Making your customers wait for food is inevitable but should be kept reasonably short. The optimal scenario would be that the cooking process starts when the customers’ order arrives at the kitchen. We can either short or hide several stages from the customer. The customer is waiting for you to 1) take the order, 2) cook the food, 3) and serve the food. Taking the order step can be optimized by hiring a server. The server now greets the customer and conveys the order to the kitchen. This part is where Direct3D 11 and 12 differ. The restaurant before hiring a server is 11, and after hiring a server is 12. In Direct3D 11, the CPU stalled when we called a draw function; this was the food ordering stage in the restaurant metaphor.

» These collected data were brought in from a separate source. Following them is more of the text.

lemma teichmuller_eq:
  assumes "f \<ge> 1" and u: "av u \<le> 1" "u ^ (p ^ f) = u" and v: "av v \<le> 1" "v ^ (p ^ f) = v"
    and uv: "av (u - v) < 1"
  shows "u = v"
proof -
  have "av (u - v) \<le> (1 / real p) ^ Suc k" for k
  proof (induction k)
    case 0
    then show ?case
      using av_less_1_imp_le[OF uv] by simp
  next
    case (Suc k)
    then show ?case
      using av_power_p_power_diff_le[OF \<open>f \<ge> 1\<close> u(1) v(1)] u(2) v(2) by simp
  qed
  then show ?thesis
    using eq_0_if_av_le_powers[of "1 / real p" "u - v"] p_ge_2 by simp
qed

context
  fixes f :: nat
  assumes f: "f \<ge> 1" and congruent_id: "\<forall>x. av x \<le> 1 \<longrightarrow> av ((\<sigma> ^^ f) x - x) < 1"
begin

interpretation sigma_f: field_hom "\<sigma> ^^ f"
  by (rule field_hom_sigma_funpow)

lemma av_teichmuller_sequence_step:
  assumes x: "av x \<le> 1"
  shows "av (x ^ ((p ^ f) ^ Suc k) - x ^ ((p ^ f) ^ k)) \<le> (1 / real p) ^ Suc k"
proof (induction k)
  case 0
  have "av (x ^ (p ^ f) - (\<sigma> ^^ f) x) < 1"
    using av_funpow_sigma_diff_power[OF x, of f] av_diff_commute by simp
  moreover have "av ((\<sigma> ^^ f) x - x) < 1"
    using congruent_id x by blast
  ultimately have "av (x ^ (p ^ f) - x) < 1"
    by (rule av_diff_trans_less)
  then show ?case
    using av_less_1_imp_le by simp
next
  case (Suc k)
  have e: "x ^ ((p ^ f) ^ Suc m) = (x ^ ((p ^ f) ^ m)) ^ (p ^ f)" for m
    by (simp add: power_mult[symmetric] mult.commute)
  have "av ((x ^ ((p ^ f) ^ k)) ^ (p ^ f) - x ^ ((p ^ f) ^ k)) \<le> (1 / real p) ^ Suc k"
    using Suc.IH by (simp only: e)
  then have "av (((x ^ ((p ^ f) ^ k)) ^ (p ^ f)) ^ (p ^ f) - (x ^ ((p ^ f) ^ k)) ^ (p ^ f))
      \<le> (1 / real p) ^ Suc (Suc k)"
    by (rule av_power_p_power_diff_le[OF f av_power_le_1[OF av_power_le_1[OF x]] av_power_le_1[OF x]])
  then show ?case
    by (simp only: e)
qed
lemma truncated_mass_has_derivative:
  assumes l: "0 < l" and cont: "isCont (superlevel_measure \<rho>) l"
  shows "(truncated_mass \<rho> has_field_derivative superlevel_measure \<rho> l) (at l)"
proof -
  let ?\<mu> = "superlevel_measure \<rho>"
  have "((\<lambda>y. ?\<mu> (l - \<bar>y - l\<bar>) - ?\<mu> (l + \<bar>y - l\<bar>)) \<longlongrightarrow> ?\<mu> (l - \<bar>l - l\<bar>) - ?\<mu> (l + \<bar>l - l\<bar>)) (at l)"
    using cont by (intro tendsto_intros isCont_tendsto_compose[where g="?\<mu>"])
      (auto intro!: tendsto_eq_intros)
  then have lim0: "((\<lambda>y. ?\<mu> (l - \<bar>y - l\<bar>) - ?\<mu> (l + \<bar>y - l\<bar>)) \<longlongrightarrow> 0) (at l)"
    by simp
  have "\<forall>\<^sub>F y in at l. y \<noteq> l \<and> \<bar>y - l\<bar> < l"
    using l unfolding eventually_at by (intro exI[of _ l]) (auto simp: dist_real_def)
  then have "\<forall>\<^sub>F y in at l. norm ((truncated_mass \<rho> y - truncated_mass \<rho> l) / (y - l) - ?\<mu> l)
      \<le> ?\<mu> (l - \<bar>y - l\<bar>) - ?\<mu> (l + \<bar>y - l\<bar>)"
  proof eventually_elim
    case (elim y)
    then have "\<bar>(truncated_mass \<rho> y - truncated_mass \<rho> l) / (y - l) - ?\<mu> l\<bar>
        = \<bar>truncated_mass \<rho> y - truncated_mass \<rho> l - (y - l) * ?\<mu> l\<bar> / \<bar>y - l\<bar>"
      by (simp add: field_simps abs_div)
    with truncated_mass_linearization_error[OF l, of y] elim show ?case
      by (simp add: divide_le_eq mult.commute)
  qed
  then have "((\<lambda>y. (truncated_mass \<rho> y - truncated_mass \<rho> l) / (y - l) - ?\<mu> l) \<longlongrightarrow> 0) (at l)"
    by (rule Lim_null_comparison[OF _ lim0])
  then have "((\<lambda>y. (truncated_mass \<rho> y - truncated_mass \<rho> l) / (y - l)) \<longlongrightarrow> ?\<mu> l) (at l)"
    by (simp add: LIM_zero_iff)
  then show ?thesis
    by (simp add: has_field_derivative_iff)
qed
(* Let $\varphi:[0,\infty]\to[0,\infty]$ be a nonconstant continuous nondecreasing convex function such that $\int_{t_*}^{\infty}(t/\varphi(t))^{\alpha}dt<\infty$ for some $\alpha>0$ and some $t_*\in(t_0,\infty)$, where $t_0=\sup\{t:\varphi(t)=0\}$ ($t_0=0$ if $\varphi>0$ everywhere), and let $\tilde\alpha\in(\alpha,\infty)$. Then $\varphi=\psi\circ\tilde\varphi$ where $\psi,\tilde\varphi:[0,\infty]\to[0,\infty]$ are strictly convex, $\tilde\varphi\le\varphi$ on $[0,\infty]$, and $\int_{t_*}^{\infty}(t/\tilde\varphi(t))^{\tilde\alpha}dt<\infty$ for some $t_*>t_0$.
   Context: A function $g:[0,\infty]\to[0,\infty]$ is called strictly convex if it is nondecreasing, convex and $\lim_{t\to\infty}g(t)/t=\infty$. Continuity is in the topology of $[0,\infty]$. *)

theory Defs
  imports "HOL-Analysis.Analysis"
begin

definition ennconvex :: "(ennreal \<Rightarrow> ennreal) \<Rightarrow> bool" where
  "ennconvex g \<longleftrightarrow> (\<forall>x y. \<forall>l::real. 0 \<le> l \<and> l \<le> 1 \<longrightarrow>
     g (ennreal l * x + ennreal (1 - l) * y) \<le> ennreal l * g x + ennreal (1 - l) * g y)"

definition strictly_convex_enn :: "(ennreal \<Rightarrow> ennreal) \<Rightarrow> bool" where
  "strictly_convex_enn g \<longleftrightarrow> mono g \<and> ennconvex g \<and>
     ((\<lambda>t::real. g (ennreal t) / ennreal t) \<longlongrightarrow> \<infinity>) at_top"

text \<open>t0 = sup{t : g t = 0}; Sup {} = 0 in ennreal.\<close>
definition zero_level :: "(ennreal \<Rightarrow> ennreal) \<Rightarrow> ennreal" where
  "zero_level g = Sup {t. g t = 0}"

definition ratio_pow :: "(ennreal \<Rightarrow> ennreal) \<Rightarrow> real \<Rightarrow> real \<Rightarrow> ennreal" where
  "ratio_pow g a t = (if g (ennreal t) = 0 then \<infinity> else if g (ennreal t) = \<infinity> then 0
     else ennreal ((t / enn2real (g (ennreal t))) powr a))"

end

theory Submission
  imports Defs
begin

(*
  Let a be phi on the reals where it is finite and d its right derivative, and put
  theta = alpha / alpha'.  The inner function phi' is the primitive of d^theta (of d itself
  where d \<le> 1), and the outer function psi has slope d^(1-theta) at the point phi'(t), so
  that by the chain rule psi \<circ> phi' = phi.  Both factors are built as suprema of supporting
  affine functions, which makes monotonicity and convexity on [0,\<infinity>] automatic.  The
  integrability hypothesis forces d to be unbounded; this makes both factors superlinear and
  phi infinite at \<infinity>, and comparing t / phi'(t) with (t/2) / phi(t/2) transfers the
  integrability from exponent alpha to alpha' = alpha / theta.
*)

lemma mono_on_integral_bounds:
  fixes f :: "real \<Rightarrow> real"
  assumes mono: "mono_on {x..y} f" and xy: "x \<le> y"
  shows "(y - x) * f x \<le> integral {x..y} f" and "integral {x..y} f \<le> (y - x) * f y"
proof -
  have int: "f integrable_on {x..y}" by (rule integrable_on_mono_on[OF mono])
  have "integral {x..y} (\<lambda>_. f x) \<le> integral {x..y} f"
    using mono by (intro integral_le[OF _ int]) (auto simp: mono_on_def)
  then show "(y - x) * f x \<le> integral {x..y} f" using xy by (simp add: content_real)
  have "integral {x..y} f \<le> integral {x..y} (\<lambda>_. f y)"
    using mono by (intro integral_le[OF int]) (auto simp: mono_on_def)
  then show "integral {x..y} f \<le> (y - x) * f y" using xy by (simp add: content_real)
qed

text \<open>Integrating the increment f (s + \<delta>) - f s over [p, q] telescopes to the
  difference of the integrals over the two end windows of width \<delta>; for monotone f this
  is bounded by \<delta> times increments of f between the window endpoints.\<close>

lemma integral_increment_bounds:
  fixes f :: "real \<Rightarrow> real"
  assumes mono: "mono_on {p..q + \<delta>} f" and pq: "p \<le> q" and \<delta>: "0 \<le> \<delta>"
  shows "(\<lambda>s. f (s + \<delta>) - f s) integrable_on {p..q}"
    and "\<delta> * (f q - f (p + \<delta>)) \<le> integral {p..q} (\<lambda>s. f (s + \<delta>) - f s)"
    and "integral {p..q} (\<lambda>s. f (s + \<delta>) - f s) \<le> \<delta> * (f (q + \<delta>) - f p)"
proof -
  have mono_sub: "mono_on {x..y} f" if "p \<le> x" "y \<le> q + \<delta>" for x y
    using mono_on_subset[OF mono] that by auto
  have int: "f integrable_on {x..y}" if "p \<le> x" "y \<le> q + \<delta>" for x y
    by (rule integrable_on_mono_on[OF mono_sub[OF that]])
  have shifted: "integral {p..q} (\<lambda>s. f (s + \<delta>)) = integral {p + \<delta>..q + \<delta>} f"
    using integral_shift_Icc_real[of p q f \<delta>] by (simp add: o_def add.commute)
  have shifted_int: "(\<lambda>s. f (s + \<delta>)) integrable_on {p..q}"
    using integrable_on_shift_Icc_real[of f \<delta> p q] int[of "p + \<delta>" "q + \<delta>"] \<delta>
    by (simp add: o_def add.commute)
  show "(\<lambda>s. f (s + \<delta>) - f s) integrable_on {p..q}"
    using integrable_diff[OF shifted_int int[of p q]] pq \<delta> by simp
  have "integral {p..q} (\<lambda>s. f (s + \<delta>) - f s) = integral {p + \<delta>..q + \<delta>} f - integral {p..q} f"
    using integral_diff[OF shifted_int int[of p q]] pq \<delta> by (simp add: shifted)
  also have "\<dots> = integral {q..q + \<delta>} f - integral {p..p + \<delta>} f"
  proof -
    have "integral {p..p + \<delta>} f + integral {p + \<delta>..q + \<delta>} f = integral {p..q + \<delta>} f"
      using pq \<delta> by (intro Henstock_Kurzweil_Integration.integral_combine int) auto
    moreover have "integral {p..q} f + integral {q..q + \<delta>} f = integral {p..q + \<delta>} f"
      using pq \<delta> by (intro Henstock_Kurzweil_Integration.integral_combine int) auto
    ultimately show ?thesis by linarith
  qed
  finally have eq: "integral {p..q} (\<lambda>s. f (s + \<delta>) - f s)
      = integral {q..q + \<delta>} f - integral {p..p + \<delta>} f" .
  note window = mono_on_integral_bounds[OF mono_sub, simplified]
  show "\<delta> * (f q - f (p + \<delta>)) \<le> integral {p..q} (\<lambda>s. f (s + \<delta>) - f s)"
    using window(1)[of q "q + \<delta>"] window(2)[of p "p + \<delta>"] pq \<delta> unfolding eq
    by (simp add: right_diff_distrib)
  show "integral {p..q} (\<lambda>s. f (s + \<delta>) - f s) \<le> \<delta> * (f (q + \<delta>) - f p)"
    using window(2)[of q "q + \<delta>"] window(1)[of p "p + \<delta>"] pq \<delta> unfolding eq
    by (simp add: right_diff_distrib)
qed

text \<open>A nondecreasing convex real function a on an open, downward closed set S containing 0.
  This is the real part of the function on [0,\<infinity>] considered later, restricted to where it
  is finite (and extended to the negative reals by its value at 0).\<close>

locale nondecr_convex =
  fixes a :: "real \<Rightarrow> real" and S :: "real set"
  assumes open_S: "open S"
    and S_down: "\<And>s t. t \<in> S \<Longrightarrow> s \<le> t \<Longrightarrow> s \<in> S"
    and zero_in_S: "0 \<in> S"
    and convex: "convex_on S a"
    and mono: "\<And>s t. s \<le> t \<Longrightarrow> t \<in> S \<Longrightarrow> a s \<le> a t"
begin

definition slope :: "real \<Rightarrow> real \<Rightarrow> real" where
  "slope u v = (a v - a u) / (v - u)"

definition rderiv :: "real \<Rightarrow> real" where
  "rderiv t = Inf (slope t ` {u \<in> S. t < u})"

lemma continuous_on_S: "continuous_on S a"
  by (rule convex_on_continuous[OF open_S convex])

lemma mono_on_S: "t \<in> S \<Longrightarrow> mono_on {s..t} a"
  by (auto intro!: mono_onI mono intro: S_down)

lemma slope_increasing:
  assumes "x < t" "t < y" "x \<in> S" "y \<in> S"
  shows "slope x t \<le> slope x y" and "slope x y \<le> slope t y"
proof -
  have flip: "(p - q) / (r - s) = (q - p) / (s - r)" for p q r s :: real
    by (metis minus_diff_eq minus_divide_divide)
  show "slope x t \<le> slope x y" "slope x y \<le> slope t y"
    unfolding slope_def using convex_on_slope_le[OF convex assms(3,4) assms(1,2)]
    by (simp_all only: flip[of "a x"] flip[of "a t" "a y"])
qed

lemma exists_right: "t \<in> S \<Longrightarrow> \<exists>u\<in>S. t < u"
proof -
  assume "t \<in> S"
  then obtain e where "e > 0" "ball t e \<subseteq> S" using open_S open_contains_ball by blast
  then show ?thesis by (intro bexI[of _ "t + e/2"]) (auto simp: dist_real_def)
qed

text \<open>The right derivative is a lower bound of slopes to the right (the slopes are
  bounded below by a slope to the left) and an upper bound of slopes to the left.\<close>

lemma rderiv_le_slope: "t \<in> S \<Longrightarrow> u \<in> S \<Longrightarrow> t < u \<Longrightarrow> rderiv t \<le> slope t u"
  unfolding rderiv_def
proof (rule cInf_lower)
  assume "t \<in> S" "u \<in> S" "t < u"
  then show "slope t u \<in> slope t ` {u \<in> S. t < u}" by auto
  have "slope (t - 1) t \<le> slope t v" if "v \<in> S" "t < v" for v
    using slope_increasing[of "t - 1" t v] S_down[OF \<open>t \<in> S\<close>, of "t - 1"] that by simp
  then show "bdd_below (slope t ` {u \<in> S. t < u})" by (auto intro!: bdd_belowI)
qed

lemma slope_le_rderiv: "t \<in> S \<Longrightarrow> s < t \<Longrightarrow> slope s t \<le> rderiv t"
  unfolding rderiv_def
proof (rule cInf_greatest)
  assume t: "t \<in> S" "s < t"
  then show "slope t ` {u \<in> S. t < u} \<noteq> {}" using exists_right by auto
  fix z assume "z \<in> slope t ` {u \<in> S. t < u}"
  then obtain v where v: "v \<in> S" "t < v" "z = slope t v" by auto
  then show "slope s t \<le> z" using slope_increasing[of s t v] S_down[of t s] t by auto
qed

We need one more thing to deal with. Now that you have hired a server, you are only responsible for the cooking process. The server would come to you and say, “One Bolognese, please!” What happens after cooking a Bolognese pasta? You should alarm your server that you have completed cooking pasta. But how can we alarm them? Let’s say the space between the kitchen and hall is entirely different in that they cannot communicate with each other verbally. What if we create an output tray where chefs put the finished food? In this example, the server would immediately understand whose pasta this is because there was only one order. What if there were multiple orders? Can we safely assume that the chef cooks in the same order as the actual orders the server brought to the kitchen?

Another problem is that someone in charge of the kitchen expedition must constantly check the output tray for any finished food, which is tiresome! The kitchen expeditor needs to ensure the order in which the order came in and make the notification for the food process less tedious. One way to deal with this problem is to issue a ticket per order. The ticket comprises an order and a unique number. Every time a chef completes an order, the chef will notify the expeditor using its number, which the server can map to a table. In modern graphics API, this is called a “fence value.” Whenever a customer orders some food(submits a command buffer), a queue signal command(issued ticket number) follows the order. Whenever the kitchen completes an order, they notify the expeditor using the issued ticket number. If the number is issued sequentially, the FOH(front of house) can safely assume that the order submitted to the BOH(back of house) is maintained.

A restaurant that only serves pasta is not a good place to eat. You decided to hire a pastry chef and add some dessert menu items. When customers order food, they can order dessert and pasta separately. The kitchen expeditor would create two tickets for each type of food, corresponding to the chef-in-charge. The chefs in each station(a pasta station and a pastry station) will receive the submissions and schedule the ticket processing. Queuing the tickets is just like the modern graphics API’s command queues. As expeditors submit orders to each station, applications submit different command buffers to designated command queues. The station will notify FOH of the completed ticket number corresponding to a fence value signal command that a command queue can perform. If stations depend on themselves, either the expeditor or the head chef would make a depending station to wait. Command queues also can wait for a specific fence value.